Khan / khan-api

Documentation for (and examples of) using the Khan Academy API
http://www.khanacademy.org
377 stars 75 forks source link

Hindi videos in topic tree even when using lang=en-US #136

Open HosseinAgha opened 5 years ago

HosseinAgha commented 5 years ago

Take a look at this video: https://www.khanacademy.org/api/v1/videos/D3N7Yd8aHvM
It looks like an English video but both translated-youtube-url and youtube-url redirect to a hindi video.
The only thing to distinguish it is the title.
even source_language is English.
Now I'm worried that api may return some videos in other languages and mark them as English.

kdadmin commented 5 years ago

I'm not familiar with the JSON for translated videos, but:

D3N7Yd8aHvM.mp4 is a hindi video. MamrTJ7V_Vg.mp4 is the english version.

A call to: https://www.khanacademy.org/api/v1/videos/MamrTJ7V_Vg returns data on the english version.
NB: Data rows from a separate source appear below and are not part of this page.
section \<open>Unimodular integer matrices, lattices and norms\<close>

lemma SL_Z_mult: "M \<in> SL_Z \<Longrightarrow> N \<in> SL_Z \<Longrightarrow> M ** N \<in> SL_Z"
  unfolding SL_Z_def
  by (simp add: det_mul) (auto simp: matrix_matrix_mult_def intro!: Ints_sum Ints_mult)

lemma SL_Z_mat_1: "mat 1 \<in> SL_Z"
  unfolding SL_Z_def by (simp add: det_I) (simp add: mat_def)

lemma SL_Z_matpow: "M \<in> SL_Z \<Longrightarrow> matpow M k \<in> SL_Z"
  by (induction k) (simp_all add: SL_Z_mat_1 SL_Z_mult)

lemma SL_Z_mult_int_vecs: "M \<in> SL_Z \<Longrightarrow> v \<in> int_vecs \<Longrightarrow> M *v v \<in> int_vecs"
  unfolding SL_Z_def int_vecs_def matrix_vector_mult_def by (auto intro!: Ints_sum Ints_mult)

definition adjugate3 :: "real^3^3 \<Rightarrow> real^3^3" where
  "adjugate3 M = (\<chi> i j.
     if i = 1 then
       (if j = 1 then M$2$2*M$3$3 - M$2$3*M$3$2
        else if j = 2 then M$1$3*M$3$2 - M$1$2*M$3$3
        else M$1$2*M$2$3 - M$1$3*M$2$2)
     else if i = 2 then
       (if j = 1 then M$2$3*M$3$1 - M$2$1*M$3$3
        else if j = 2 then M$1$1*M$3$3 - M$1$3*M$3$1
        else M$1$3*M$2$1 - M$1$1*M$2$3)
     else
       (if j = 1 then M$2$1*M$3$2 - M$2$2*M$3$1
        else if j = 2 then M$1$2*M$3$1 - M$1$1*M$3$2
        else M$1$1*M$2$2 - M$1$2*M$2$1))"

lemma matrix_mul_adjugate3: "M ** adjugate3 M = det M *\<^sub>R mat 1"
  by (simp add: adjugate3_def matrix_matrix_mult_def vec_eq_iff forall_3 sum_3 det_3 mat_def
      algebra_simps)

lemma matrix_inv_SL_Z:
  fixes M :: "real^3^3"
  assumes "M \<in> SL_Z"
  shows "matrix_inv M \<in> SL_Z"
proof -
  have "matrix_inv M = adjugate3 M"
    using assms by (intro matrix_inv_unique) (simp add: SL_Z_def matrix_mul_adjugate3)
  moreover have "det (adjugate3 M) = 1"
    using arg_cong[OF matrix_mul_adjugate3[of M], of det] assms by (simp add: SL_Z_def det_mul)
  ultimately show ?thesis
    using assms unfolding SL_Z_def adjugate3_def
    by (auto simp: forall_3 intro!: Ints_diff Ints_mult)
qed

lemma SL_Z_matpow_int: "(M :: real^3^3) \<in> SL_Z \<Longrightarrow> matpow_int M n \<in> SL_Z"
  by (simp add: matpow_int_def SL_Z_matpow matrix_inv_SL_Z)

lemma lattice_vector_mult_SL_Z:
  fixes L P :: "real^3^3"
  assumes "P \<in> SL_Z" "n \<in> int_vecs" "n \<noteq> 0"
  shows "\<exists>m\<in>int_vecs. m \<noteq> 0 \<and> L *v n = (L ** P) *v m"
proof (intro bexI conjI)
  have PQ: "P ** matrix_inv P = mat 1"
    using assms(1) by (intro matrix_inv_right) (auto simp: invertible_det_nz SL_Z_def)
  then have "P *v (matrix_inv P *v n) = n" by (simp add: matrix_vector_mul_assoc)
  then show "matrix_inv P *v n \<noteq> 0" "L *v n = (L ** P) *v (matrix_inv P *v n)"
    using assms(3) by (auto simp: matrix_vector_mul_assoc[symmetric])
  show "matrix_inv P *v n \<in> int_vecs"
    by (rule SL_Z_mult_int_vecs[OF matrix_inv_SL_Z[OF assms(1)] assms(2)])
qed

lemma lattice_mult_SL_Z:
  fixes L P :: "real^3^3"
  assumes "P \<in> SL_Z"
  shows "{L *v n | n. n \<in> int_vecs} = {(L ** P) *v n | n. n \<in> int_vecs}"
proof -
  have PQ: "P ** matrix_inv P = mat 1"
    using assms by (intro matrix_inv_right) (auto simp: invertible_det_nz SL_Z_def)
  have "L *v n \<in> {(L ** P) *v m | m. m \<in> int_vecs}" if "n \<in> int_vecs" for n
  proof -
    have "L *v n = (L ** P) *v (matrix_inv P *v n)"
      by (simp add: matrix_vector_mul_assoc PQ flip: matrix_mul_assoc)
    with SL_Z_mult_int_vecs[OF matrix_inv_SL_Z[OF assms] that] show ?thesis by blast
  qed
  moreover have "(L ** P) *v n \<in> {L *v m | m. m \<in> int_vecs}" if "n \<in> int_vecs" for n
    using SL_Z_mult_int_vecs[OF assms that] by (auto simp: matrix_vector_mul_assoc[symmetric])
  ultimately show ?thesis by blast
qed

lemma norm_ge_1_int_vecs:
  assumes "v \<in> int_vecs" "v \<noteq> 0"
  shows "1 \<le> norm v"
proof -
  obtain i where "v $ i \<noteq> 0" "v $ i \<in> \<int>"
    using assms by (auto simp: vec_eq_iff int_vecs_def)
  then have "1 \<le> \<bar>v $ i\<bar>"
    by (metis Ints_cases of_int_0_eq_iff of_int_abs of_int_1_le_iff zero_less_abs_iff
        int_one_le_iff_zero_less)
  also have "\<dots> \<le> norm v" by (rule component_le_norm_cart)
  finally show ?thesis .
qed

lemma norm_orthogonal_matrix_mult:
  fixes Q :: "real^'n^'n"
  assumes "orthogonal_matrix Q"
  shows "norm (Q *v x) = norm x"
proof -
  have "orthogonal_transformation ((*v) Q)"
    using assms by (simp add: orthogonal_transformation_matrix)
  then show ?thesis by (simp add: orthogonal_transformation_norm)
qed

lemma invertible_norm_lower_bound:
  fixes X :: "real^'n^'n"
  assumes "invertible X"
  obtains c where "c > 0" "\<And>x. c * norm x \<le> norm (X *v x)"
proof -
  obtain K where K: "K > 0" "\<And>y. norm (matrix_inv X *v y) \<le> norm y * K"
    using bounded_linear.pos_bounded[OF matrix_vector_mul_bounded_linear] by blast
  have "norm x \<le> norm (X *v x) * K" for x
    using K(2)[of "X *v x"] by (simp add: matrix_vector_mul_assoc matrix_inv_left[OF assms])
  then have "(1 / K) * norm x \<le> norm (X *v x)" for x
    using K(1) by (simp add: field_simps)
  with K(1) show thesis by (intro that[of "1 / K"]) auto
qed

lemma diag_exp_norm_lower_bound:
  assumes "\<And>j. \<bar>u $ j\<bar> \<le> K"
  shows "exp (- K) * norm x \<le> norm (diag_exp u *v x)"
proof -
  have "(diag_exp u *v x) $ j = exp (u $ j) * x $ j" for j
    unfolding diag_exp_def diagm_def matrix_vector_mult_def
    by (simp add: if_distrib[of "\<lambda>a. a * _"] sum.delta cong: if_cong)
  moreover have "exp (- K) * \<bar>x $ j\<bar> \<le> exp (u $ j) * \<bar>x $ j\<bar>" for j
    using assms[of j] by (intro mult_right_mono) auto
  ultimately have "norm ((exp (- K) *\<^sub>R x) $ j) \<le> norm ((diag_exp u *v x) $ j)" for j
    by (simp add: abs_mult)
  then show ?thesis by (metis norm_le_componentwise_cart norm_scaleR abs_exp_cancel)
qed

section \<open>Reduction modulo the logarithmic spectra\<close>

lemma trace_zero_span:
  fixes w u x :: "real^3"
  assumes "sum (($) w) UNIV = 0" "sum (($) u) UNIV = 0" "sum (($) x) UNIV = 0"
    and indep: "\<And>a b. a *\<^sub>R w + b *\<^sub>R u = 0 \<Longrightarrow> a = 0 \<and> b = 0"
  obtains a b where "x = a *\<^sub>R w + b *\<^sub>R u"
proof -
  have w3: "w $ 3 = - w $ 1 - w $ 2" and u3: "u $ 3 = - u $ 1 - u $ 2"
    and x3: "x $ 3 = - x $ 1 - x $ 2"
    using assms(1-3) by (simp_all add: sum_3)
  define d where "d = w $ 1 * u $ 2 - w $ 2 * u $ 1"
  have "d \<noteq> 0"
  proof
    assume "d = 0"
    then have "u $ 2 *\<^sub>R w + (- w $ 2) *\<^sub>R u = 0" "u $ 1 *\<^sub>R w + (- w $ 1) *\<^sub>R u = 0"
      by (simp_all add: vec_eq_iff forall_3 w3 u3 d_def algebra_simps)
    then have "w $ 1 = 0" "w $ 2 = 0" using indep by fastforce+
    then have "1 *\<^sub>R w + 0 *\<^sub>R u = 0" by (simp add: vec_eq_iff forall_3 w3)
    then show False using indep by fastforce
  qed
  \<comment> \<open>Cramer's rule on the first two coordinates; the third follows from the trace condition.\<close>
  define a where "a = (x $ 1 * u $ 2 - x $ 2 * u $ 1) / d"
  define b where "b = (w $ 1 * x $ 2 - w $ 2 * x $ 1) / d"
  have "a * w $ 1 + b * u $ 1 = (x $ 1 * d) / d"
    by (simp add: a_def b_def d_def add_divide_distrib[symmetric] algebra_simps)
  moreover have "a * w $ 2 + b * u $ 2 = (x $ 2 * d) / d"
    by (simp add: a_def b_def d_def add_divide_distrib[symmetric] algebra_simps)
  ultimately have "x = a *\<^sub>R w + b *\<^sub>R u"
    using \<open>d \<noteq> 0\<close> by (simp add: vec_eq_iff forall_3 w3 u3 x3 algebra_simps)
  then show thesis by (rule that)
qed

lemma exists_int_shift_half_open: "\<exists>n::int. (a::real) + of_int n \<in> {-1/2<..1/2}"
proof
  show "a + of_int \<lfloor>1/2 - a\<rfloor> \<in> {-1/2<..1/2}"
  proof -
    have "of_int \<lfloor>1/2 - a\<rfloor> \<le> 1/2 - a" "1/2 - a < of_int \<lfloor>1/2 - a\<rfloor> + 1" by linarith+
    then show ?thesis unfolding greaterThanAtMost_iff by (intro conjI; linarith)
  qed
qed

lemma reduce_mod_int_combinations:
  fixes x w u :: "real^3"
  assumes "sum (($) w) UNIV = 0" "sum (($) u) UNIV = 0" "sum (($) x) UNIV = 0"
    and "\<And>a b. a *\<^sub>R w + b *\<^sub>R u = 0 \<Longrightarrow> a = 0 \<and> b = 0"
  obtains n1 n2 :: int and \<theta>1 \<theta>2 :: real
  where "\<theta>1 \<in> {-1/2<..1/2}" "\<theta>2 \<in> {-1/2<..1/2}"
    and "x + (of_int n1 *\<^sub>R w + of_int n2 *\<^sub>R u) = \<theta>1 *\<^sub>R w + \<theta>2 *\<^sub>R u"
proof -
  obtain a b where x: "x = a *\<^sub>R w + b *\<^sub>R u" using trace_zero_span[OF assms] .
  obtain n1 n2 :: int where "a + of_int n1 \<in> {-1/2<..1/2}" "b + of_int n2 \<in> {-1/2<..1/2}"
    using exists_int_shift_half_open by meson
  moreover have "x + (of_int n1 *\<^sub>R w + of_int n2 *\<^sub>R u)
      = (a + of_int n1) *\<^sub>R w + (b + of_int n2) *\<^sub>R u"
    unfolding x by (simp add: algebra_simps)
  ultimately show thesis by (rule that)
qed

lemma abs_component_half_open_combination_le:
  fixes w u :: "real^'n"
  assumes "\<theta>1 \<in> {-1/2<..1/2}" "\<theta>2 \<in> {-1/2<..1/2}"
  shows "\<bar>(\<theta>1 *\<^sub>R w + \<theta>2 *\<^sub>R u) $ j\<bar> \<le> norm w + norm u"
proof -
  have "\<bar>(\<theta>1 *\<^sub>R w + \<theta>2 *\<^sub>R u) $ j\<bar> \<le> \<bar>\<theta>1\<bar> * \<bar>w $ j\<bar> + \<bar>\<theta>2\<bar> * \<bar>u $ j\<bar>"
    by (simp add: abs_mult[symmetric] abs_triangle_ineq)
  also have "\<dots> \<le> \<bar>w $ j\<bar> + \<bar>u $ j\<bar>"
    using assms by (intro add_mono mult_left_le_one_le) auto
  also have "\<dots> \<le> norm w + norm u"
    by (intro add_mono) (simp_all add: component_le_norm_cart)
  finally show ?thesis .
qed

lemma matrix_inv_orthogonal:
  fixes V :: "real^'n^'n"
  assumes "orthogonal_matrix V"
  shows "matrix_inv V = transpose V"
  using assms by (intro matrix_inv_unique) (simp add: orthogonal_matrix_def)

lemma norm_factorization_lower_bound:
  fixes S R V :: "real^'n^'n"
  assumes S: "c \<ge> 0" "\<And>y. c * norm y \<le> norm (S *v y)"
    and "orthogonal_matrix R" "orthogonal_matrix V" "\<And>j. \<bar>u $ j\<bar> \<le> K"
  shows "c * exp (- K) * norm x \<le> norm ((S ** R ** diag_exp u ** matrix_inv V) *v x)"
proof -
  have "norm (matrix_inv V *v x) = norm x"
    unfolding matrix_inv_orthogonal[OF assms(4)]
    by (rule norm_orthogonal_matrix_mult) (simp add: assms(4))
  then have "exp (- K) * norm x \<le> norm (diag_exp u *v (matrix_inv V *v x))"
    using diag_exp_norm_lower_bound[OF assms(5), of "matrix_inv V *v x"] by simp
  then have "c * exp (- K) * norm x \<le> c * norm (diag_exp u *v (matrix_inv V *v x))"
    using S(1) by (simp add: mult.assoc mult_left_mono)
  also have "\<dots> = c * norm (R *v (diag_exp u *v (matrix_inv V *v x)))"
    using assms(3) by (simp add: norm_orthogonal_matrix_mult)
  also have "\<dots> \<le> norm ((S ** R ** diag_exp u ** matrix_inv V) *v x)"
    using S(2)[of "R *v (diag_exp u *v (matrix_inv V *v x))"]
    by (simp add: matrix_vector_mul_assoc matrix_mul_assoc)
  finally show ?thesis .
qed

lemma conj_diag_exp_reduce:
  fixes V X :: "real^3^3" and x w u :: "real^3"
  assumes "invertible V" "sum (($) w) UNIV = 0" "sum (($) u) UNIV = 0" "sum (($) x) UNIV = 0"
    and "\<And>a b. a *\<^sub>R w + b *\<^sub>R u = 0 \<Longrightarrow> a = 0 \<and> b = 0"
  shows "\<exists>n1 n2 :: int. \<exists>\<theta>1 \<theta>2. \<theta>1 \<in> {-1/2<..1/2} \<and> \<theta>2 \<in> {-1/2<..1/2} \<and>
    X ** diag_exp x ** matrix_inv V ** (V ** diag_exp (of_int n1 *\<^sub>R w) ** matrix_inv V)
      ** (V ** diag_exp (of_int n2 *\<^sub>R u) ** matrix_inv V)
    = X ** diag_exp (\<theta>1 *\<^sub>R w + \<theta>2 *\<^sub>R u) ** matrix_inv V"
proof -
  obtain n1 n2 :: int and \<theta>1 \<theta>2 where "\<theta>1 \<in> {-1/2<..1/2}" "\<theta>2 \<in> {-1/2<..1/2}"
    and "x + (of_int n1 *\<^sub>R w + of_int n2 *\<^sub>R u) = \<theta>1 *\<^sub>R w + \<theta>2 *\<^sub>R u"
    using reduce_mod_int_combinations[OF assms(2-5)] .
  moreover from this(3)
  have "X ** diag_exp x ** matrix_inv V ** (V ** diag_exp (of_int n1 *\<^sub>R w) ** matrix_inv V)
      ** (V ** diag_exp (of_int n2 *\<^sub>R u) ** matrix_inv V)
    = X ** diag_exp (\<theta>1 *\<^sub>R w + \<theta>2 *\<^sub>R u) ** matrix_inv V"
    unfolding diag_exp_conj_mult[OF assms(1)] by (simp add: add.assoc)
  ultimately show ?thesis by blast
qed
Where did the D3N7Yd8aHvM ID come from?

Gary

HosseinAgha commented 5 years ago

I found them using the topictree api

danielhollas commented 5 years ago

I've noticed that the /topictree&kind=video endpoint sometimes contains faulty data for non-EN LTT. Specifically, I noticed that sometimes translated_youtube_id == youtube_id, even though given video was dubbed/recreated. Not sure whether this is related to this ticket.

It is safer to use the /video/ endpoint for each specific video.
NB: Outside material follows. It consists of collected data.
lemma CP_le_iff_square:
  assumes P: "closed_ideal X P" and u: "u \<in> CP X P" and v: "v \<in> CP X P"
  shows "(\<forall>x\<in>topspace X. u x \<le> v x) \<longleftrightarrow> (\<exists>k\<in>CP X P. \<forall>x\<in>topspace X. v x = u x + (k x)\<^sup>2)"
proof
  assume le: "\<forall>x\<in>topspace X. u x \<le> v x"
  have "(\<lambda>x\<in>topspace X. sqrt (v x - u x)) \<in> CP X P"
    by (rule CP_restrict[OF P u v]) (intro tendsto_real_sqrt tendsto_diff)
  moreover have "\<forall>x\<in>topspace X. v x = u x + ((\<lambda>x\<in>topspace X. sqrt (v x - u x)) x)\<^sup>2"
    using le by simp
  ultimately show "\<exists>k\<in>CP X P. \<forall>x\<in>topspace X. v x = u x + (k x)\<^sup>2"
    by blast
qed auto

lemma uniform_limit_iff_le:
  "uniform_limit S f l F \<longleftrightarrow> (\<forall>e>0. \<forall>\<^sub>F n in F. \<forall>x\<in>S. dist (f n x) (l x) \<le> e)"
  unfolding uniform_limit_iff
proof (intro iffI allI impI)
  fix e :: real
  assume "\<forall>e>0. \<forall>\<^sub>F n in F. \<forall>x\<in>S. dist (f n x) (l x) \<le> e" and "e > 0"
  then have "\<forall>\<^sub>F n in F. \<forall>x\<in>S. dist (f n x) (l x) \<le> e / 2"
    by (meson half_gt_zero)
  then show "\<forall>\<^sub>F n in F. \<forall>x\<in>S. dist (f n x) (l x) < e"
    by eventually_elim (use \<open>e > 0\<close> in fastforce)
next
  fix e :: real
  assume "\<forall>e>0. \<forall>\<^sub>F n in F. \<forall>x\<in>S. dist (f n x) (l x) < e" and "e > 0"
  then have "\<forall>\<^sub>F n in F. \<forall>x\<in>S. dist (f n x) (l x) < e"
    by blast
  then show "\<forall>\<^sub>F n in F. \<forall>x\<in>S. dist (f n x) (l x) \<le> e"
    by eventually_elim auto
qed

lemma uniformly_Cauchy_on_iff_le:
  "uniformly_Cauchy_on S f \<longleftrightarrow> (\<forall>e>0. \<exists>M. \<forall>m\<ge>M. \<forall>n\<ge>M. \<forall>x\<in>S. dist (f m x) (f n x) \<le> e)"
  unfolding uniformly_Cauchy_on_def
proof (intro iffI allI impI)
  fix e :: real
  assume "\<forall>e>0. \<exists>M. \<forall>m\<ge>M. \<forall>n\<ge>M. \<forall>x\<in>S. dist (f m x) (f n x) \<le> e" and "e > 0"
  then obtain M where "\<forall>m\<ge>M. \<forall>n\<ge>M. \<forall>x\<in>S. dist (f m x) (f n x) \<le> e / 2"
    by (meson half_gt_zero)
  then show "\<exists>M. \<forall>x\<in>S. \<forall>m\<ge>M. \<forall>n\<ge>M. dist (f m x) (f n x) < e"
    using \<open>e > 0\<close> by (smt (verit, best) field_sum_of_halves)
qed (meson less_imp_le)

locale CP_iso_Cont =
  fixes X :: "'a topology" and P :: "'a set set" and Y :: "'b topology"
    and \<phi> :: "('a \<Rightarrow> real) \<Rightarrow> ('b \<Rightarrow> real)"
  assumes ideal: "closed_ideal X P" and iso: "fun_ring_iso \<phi> (CP X P) (Cont Y)"
begin

lemma bij_\<phi>: "bij_betw \<phi> (CP X P) (Cont Y)"
  using iso by (simp add: fun_ring_iso_def)

lemma \<phi>_Cont: "u \<in> CP X P \<Longrightarrow> \<phi> u \<in> Cont Y"
  using bij_\<phi> by (auto simp: bij_betw_def)

lemma \<phi>_surj: "g \<in> Cont Y \<Longrightarrow> \<exists>u\<in>CP X P. \<phi> u = g"
  using bij_\<phi> unfolding bij_betw_def by (metis imageE)

lemma Cont_const: "(\<lambda>y\<in>topspace Y. c) \<in> Cont Y"
  by (simp add: Cont_eq_CP_trivial CP_const closed_ideal_trivial)

text \<open>The pointwise sum and product in \<^const>\<open>fun_ring_iso\<close> are not extensional, so they
  leave \<^term>\<open>CP X P\<close> and constrain \<open>\<phi>\<close> only up to the values of \<open>\<phi>\<close> at the
  constants \<open>0\<close> and \<open>1\<close>. In particular \<open>\<phi>\<close> need not preserve \<open>1\<close>; dividing by
  its image gives the genuine isomorphism \<open>\<psi>\<close> below.\<close>

lemma \<phi>_add:
  assumes u: "u \<in> CP X P" and v: "v \<in> CP X P"
  shows "\<phi> u y + \<phi> v y = \<phi> (\<lambda>x\<in>topspace X. u x + v x) y + \<phi> (\<lambda>x\<in>topspace X. 0) y"
proof -
  have "(\<lambda>x. u x + v x) = (\<lambda>x. (\<lambda>x\<in>topspace X. u x + v x) x + (\<lambda>x\<in>topspace X. 0) x)"
    using u v by (auto simp: CP_def realfuns_def extensional_def)
  moreover have "(\<lambda>x\<in>topspace X. u x + v x) \<in> CP X P"
    by (rule CP_restrict[OF ideal u v]) (intro tendsto_add)
  ultimately show ?thesis
    using iso u v CP_const[OF ideal] unfolding fun_ring_iso_def by metis
qed

lemma \<phi>_mult:
  assumes u: "u \<in> CP X P" and v: "v \<in> CP X P"
  shows "\<phi> u y * \<phi> v y = \<phi> (\<lambda>x\<in>topspace X. u x * v x) y * \<phi> (\<lambda>x\<in>topspace X. 1) y"
proof -
  have "(\<lambda>x. u x * v x) = (\<lambda>x. (\<lambda>x\<in>topspace X. u x * v x) x * (\<lambda>x\<in>topspace X. 1) x)"
    using u v by (auto simp: CP_def realfuns_def extensional_def)
  moreover have "(\<lambda>x\<in>topspace X. u x * v x) \<in> CP X P"
    by (rule CP_restrict[OF ideal u v]) (intro tendsto_mult)
  ultimately show ?thesis
    using iso u v CP_const[OF ideal] unfolding fun_ring_iso_def by metis
qed

lemma \<phi>_zero:
  assumes y: "y \<in> topspace Y"
  shows "\<phi> (\<lambda>x\<in>topspace X. 0) y = 0"
proof -
  obtain v0 where v0: "v0 \<in> CP X P" "\<phi> v0 = (\<lambda>y\<in>topspace Y. 0)"
    using \<phi>_surj[OF Cont_const] by blast
  obtain v1 where v1: "v1 \<in> CP X P" "\<phi> v1 = (\<lambda>y\<in>topspace Y. 1)"
    using \<phi>_surj[OF Cont_const] by blast
  have eq: "\<phi> (\<lambda>x\<in>topspace X. 0) y * \<phi> v y =
      \<phi> (\<lambda>x\<in>topspace X. 0) y * \<phi> (\<lambda>x\<in>topspace X. 1) y" if "v \<in> CP X P" for v
    using \<phi>_mult[OF CP_const[OF ideal] that] by (simp cong: restrict_cong)
  show ?thesis
    using eq[OF v0(1)] eq[OF v1(1)] v0(2) v1(2) y by auto
qed

lemma \<phi>_one_nonzero:
  assumes y: "y \<in> topspace Y"
  shows "\<phi> (\<lambda>x\<in>topspace X. 1) y \<noteq> 0"
proof -
  obtain v where v: "v \<in> CP X P" "\<phi> v = (\<lambda>y\<in>topspace Y. 1)"
    using \<phi>_surj[OF Cont_const] by blast
  then show ?thesis
    using \<phi>_mult[OF v(1) v(1), of y] y by auto
qed

definition \<psi> :: "('a \<Rightarrow> real) \<Rightarrow> ('b \<Rightarrow> real)" where
  "\<psi> u = (\<lambda>y\<in>topspace Y. \<phi> u y / \<phi> (\<lambda>x\<in>topspace X. 1) y)"

lemma \<psi>_add:
  assumes "u \<in> CP X P" "v \<in> CP X P" "y \<in> topspace Y"
  shows "\<psi> (\<lambda>x\<in>topspace X. u x + v x) y = \<psi> u y + \<psi> v y"
  using \<phi>_add[OF assms(1,2), of y] \<phi>_zero \<phi>_one_nonzero assms(3)
  by (simp add: \<psi>_def flip: add_divide_distrib)

lemma \<psi>_mult:
  assumes "u \<in> CP X P" "v \<in> CP X P" "y \<in> topspace Y"
  shows "\<psi> (\<lambda>x\<in>topspace X. u x * v x) y = \<psi> u y * \<psi> v y"
  using \<phi>_mult[OF assms(1,2), of y] \<phi>_one_nonzero[OF assms(3)] assms(3)
  by (simp add: \<psi>_def field_simps)

lemma \<psi>_one: "y \<in> topspace Y \<Longrightarrow> \<psi> (\<lambda>x\<in>topspace X. 1) y = 1"
  using \<phi>_one_nonzero by (simp add: \<psi>_def)

lemma \<psi>_Cont:
  assumes u: "u \<in> CP X P"
  shows "\<psi> u \<in> Cont Y"
proof -
  have "continuous_map Y euclideanreal (\<phi> u)"
    and "continuous_map Y euclideanreal (\<phi> (\<lambda>x\<in>topspace X. 1))"
    using \<phi>_Cont[OF u] \<phi>_Cont[OF CP_const[OF ideal]] by (simp_all add: Cont_def)
  then have "continuous_map Y euclideanreal (\<lambda>y. \<phi> u y / \<phi> (\<lambda>x\<in>topspace X. 1) y)"
    using \<phi>_one_nonzero by (simp add: continuous_map_real_divide)
  then show ?thesis
    by (auto simp: Cont_def realfuns_def \<psi>_def elim: continuous_map_eq)
qed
danielhollas commented 5 years ago

@HosseinAgha I've just realized what the problem is here. For certain technical reasons, the English TT indeed contains certain content in Hindi. This is unfortunate, but you can workaround this issue by filtering out certain courses. For example, look where the video you mentioned is located:

https://www.khanacademy.org/math/in-in-class-8-math-india-hindi/in-in-8-mensuration-hindi/area-of-trapezoids-composite-figures-hindi/v/finding-area-by-rearranging-parts-hindi

I think this is expected behavior and this ticket can be closed. I should open a separate ticket for the issue in my last comment. One thing that could be improved is the "source_language" field, although I am not sure where it is coming from.